▸ **Activity**
Below are some records; output all of them exactly.

▸ **Data to process**
------------------------------

(* Let $(\mathfrak{g},[\cdot,\ldots,\cdot],\varepsilon,\alpha)$ be an $n$-Hom-Lie color algebra and $\mathcal{N}$ a Nijenhuis operator on it. For $\lambda\in\mathbb{K}$ define $$[x_1,\ldots,x_n]_\lambda=[x_1,\ldots,x_n]+\sum_{i=1}^{n-1}\lambda^i[x_1,\ldots,x_n]^i_{\mathcal{N}}.$$ Then this bracket defines a deformation of $\mathfrak{g}$ (i.e. $(\mathfrak{g},[\cdot,\ldots,\cdot]_\lambda,\varepsilon,\alpha)$ is an $n$-Hom-Lie color algebra) which is infinitesimally trivial: $\mathcal{T}_\lambda=\mathrm{id}+\lambda\mathcal{N}$ satisfies $\mathcal{T}_\lambda\circ\alpha=\alpha\circ\mathcal{T}_\lambda$ and $\mathcal{T}_\lambda([x_1,\ldots,x_n]_\lambda)=[\mathcal{T}_\lambda(x_1),\ldots,\mathcal{T}_\lambda(x_n)]$ for all $x_1,\ldots,x_n\in\mathfrak{g}$.
   Context: $\mathbb{K}$ is a field of characteristic zero and $\Gamma$ an abelian group. A bicharacter is a map $\varepsilon:\Gamma\times\Gamma\to\mathbb{K}\setminus\{0\}$ with $\varepsilon(a,b)\varepsilon(b,a)=1$, $\varepsilon(a,b+c)=\varepsilon(a,b)\varepsilon(a,c)$, $\varepsilon(a+b,c)=\varepsilon(a,c)\varepsilon(b,c)$. For homogeneous $x,y$, $\varepsilon(x,y)=\varepsilon(|x|,|y|)$ and $\varepsilon(x,y_1+\dots+y_k)=\varepsilon(|x|,|y_1|+\dots+|y_k|)$ ($=1$ for an empty sum). An $n$-Hom-Lie color algebra $(\mathfrak{g},[\cdot,\ldots,\cdot],\varepsilon,\alpha)$ is a $\Gamma$-graded vector space with an $n$-linear bracket of degree zero, a bicharacter $\varepsilon$ and a degree-zero linear map $\alpha$ such that for homogeneous elements: (i) $[x_1,\ldots,x_i,x_{i+1},\ldots,x_n]=-\varepsilon(x_i,x_{i+1})[x_1,\ldots,x_{i+1},x_i,\ldots,x_n]$; (ii) $[\alpha(x_1),\ldots,\alpha(x_{n-1}),[y_1,\ldots,y_n]]=\sum_{i=1}^n\varepsilon(x_1+\dots+x_{n-1},y_1+\dots+y_{i-1})[\alpha(y_1),\ldots,\alpha(y_{i-1}),[x_1,\ldots,x_{n-1},y_i],\alpha(y_{i+1}),\ldots,\alpha(y_n)]$. For a degree-zero linear map $\mathcal{N}:\mathfrak{g}\to\mathfrak{g}$ define $[\cdot,\ldots,\cdot]^0_{\mathcal{N}}=[\cdot,\ldots,\cdot]$ and for $1\le j\le n-1$: $[x_1,\ldots,x_n]^j_{\mathcal{N}}=\sum_{i_1<\dots<i_j}[x_1,\ldots,\mathcal{N}x_{i_1},\ldots,\mathcal{N}x_{i_j},\ldots,x_n]-\mathcal{N}([x_1,\ldots,x_n]^{j-1}_{\mathcal{N}})$, where the sum applies $\mathcal{N}$ exactly to the entries in positions $i_1,\ldots,i_j$. $\mathcal{N}$ is a Nijenhuis operator if $\mathcal{N}\circ\alpha=\alpha\circ\mathcal{N}$ and $[\mathcal{N}x_1,\ldots,\mathcal{N}x_n]=\mathcal{N}([x_1,\ldots,x_n]^{n-1}_{\mathcal{N}})$ for all $x_i$. *)

theory Defs
  imports Main
begin

text \<open>The underlying K-vector space is a type 'v with a scalar multiplication
  scale :: 'k \<Rightarrow> 'v \<Rightarrow> 'v satisfying vector_space scale, 'k a field of char 0.
  The Gamma-grading is a family G :: 'g \<Rightarrow> 'v set of subspaces whose (internal) sum is direct
  and equals the whole space. n-ary brackets are functions on lists of length n.\<close>

definition k_linear :: "('k::field \<Rightarrow> 'v::ab_group_add \<Rightarrow> 'v) \<Rightarrow> ('v \<Rightarrow> 'v) \<Rightarrow> bool" where
  "k_linear scale f \<longleftrightarrow>
     (\<forall>x y. f (x + y) = f x + f y) \<and> (\<forall>c x. f (scale c x) = scale c (f x))"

------------------------------

▸ **Answer below**
(* Let $(\mathfrak{g},[\cdot,\ldots,\cdot],\varepsilon,\alpha)$ be an $n$-Hom-Lie color algebra and $\mathcal{N}$ a Nijenhuis operator on it. For $\lambda\in\mathbb{K}$ define $$[x_1,\ldots,x_n]_\lambda=[x_1,\ldots,x_n]+\sum_{i=1}^{n-1}\lambda^i[x_1,\ldots,x_n]^i_{\mathcal{N}}.$$ Then this bracket defines a deformation of $\mathfrak{g}$ (i.e. $(\mathfrak{g},[\cdot,\ldots,\cdot]_\lambda,\varepsilon,\alpha)$ is an $n$-Hom-Lie color algebra) which is infinitesimally trivial: $\mathcal{T}_\lambda=\mathrm{id}+\lambda\mathcal{N}$ satisfies $\mathcal{T}_\lambda\circ\alpha=\alpha\circ\mathcal{T}_\lambda$ and $\mathcal{T}_\lambda([x_1,\ldots,x_n]_\lambda)=[\mathcal{T}_\lambda(x_1),\ldots,\mathcal{T}_\lambda(x_n)]$ for all $x_1,\ldots,x_n\in\mathfrak{g}$.
   Context: $\mathbb{K}$ is a field of characteristic zero and $\Gamma$ an abelian group. A bicharacter is a map $\varepsilon:\Gamma\times\Gamma\to\mathbb{K}\setminus\{0\}$ with $\varepsilon(a,b)\varepsilon(b,a)=1$, $\varepsilon(a,b+c)=\varepsilon(a,b)\varepsilon(a,c)$, $\varepsilon(a+b,c)=\varepsilon(a,c)\varepsilon(b,c)$. For homogeneous $x,y$, $\varepsilon(x,y)=\varepsilon(|x|,|y|)$ and $\varepsilon(x,y_1+\dots+y_k)=\varepsilon(|x|,|y_1|+\dots+|y_k|)$ ($=1$ for an empty sum). An $n$-Hom-Lie color algebra $(\mathfrak{g},[\cdot,\ldots,\cdot],\varepsilon,\alpha)$ is a $\Gamma$-graded vector space with an $n$-linear bracket of degree zero, a bicharacter $\varepsilon$ and a degree-zero linear map $\alpha$ such that for homogeneous elements: (i) $[x_1,\ldots,x_i,x_{i+1},\ldots,x_n]=-\varepsilon(x_i,x_{i+1})[x_1,\ldots,x_{i+1},x_i,\ldots,x_n]$; (ii) $[\alpha(x_1),\ldots,\alpha(x_{n-1}),[y_1,\ldots,y_n]]=\sum_{i=1}^n\varepsilon(x_1+\dots+x_{n-1},y_1+\dots+y_{i-1})[\alpha(y_1),\ldots,\alpha(y_{i-1}),[x_1,\ldots,x_{n-1},y_i],\alpha(y_{i+1}),\ldots,\alpha(y_n)]$. For a degree-zero linear map $\mathcal{N}:\mathfrak{g}\to\mathfrak{g}$ define $[\cdot,\ldots,\cdot]^0_{\mathcal{N}}=[\cdot,\ldots,\cdot]$ and for $1\le j\le n-1$: $[x_1,\ldots,x_n]^j_{\mathcal{N}}=\sum_{i_1<\dots<i_j}[x_1,\ldots,\mathcal{N}x_{i_1},\ldots,\mathcal{N}x_{i_j},\ldots,x_n]-\mathcal{N}([x_1,\ldots,x_n]^{j-1}_{\mathcal{N}})$, where the sum applies $\mathcal{N}$ exactly to the entries in positions $i_1,\ldots,i_j$. $\mathcal{N}$ is a Nijenhuis operator if $\mathcal{N}\circ\alpha=\alpha\circ\mathcal{N}$ and $[\mathcal{N}x_1,\ldots,\mathcal{N}x_n]=\mathcal{N}([x_1,\ldots,x_n]^{n-1}_{\mathcal{N}})$ for all $x_i$. *)

theory Defs
  imports Main
begin

text \<open>The underlying K-vector space is a type 'v with a scalar multiplication
  scale :: 'k \<Rightarrow> 'v \<Rightarrow> 'v satisfying vector_space scale, 'k a field of char 0.
  The Gamma-grading is a family G :: 'g \<Rightarrow> 'v set of subspaces whose (internal) sum is direct
  and equals the whole space. n-ary brackets are functions on lists of length n.\<close>

definition k_linear :: "('k::field \<Rightarrow> 'v::ab_group_add \<Rightarrow> 'v) \<Rightarrow> ('v \<Rightarrow> 'v) \<Rightarrow> bool" where
  "k_linear scale f \<longleftrightarrow>
     (\<forall>x y. f (x + y) = f x + f y) \<and> (\<forall>c x. f (scale c x) = scale c (f x))"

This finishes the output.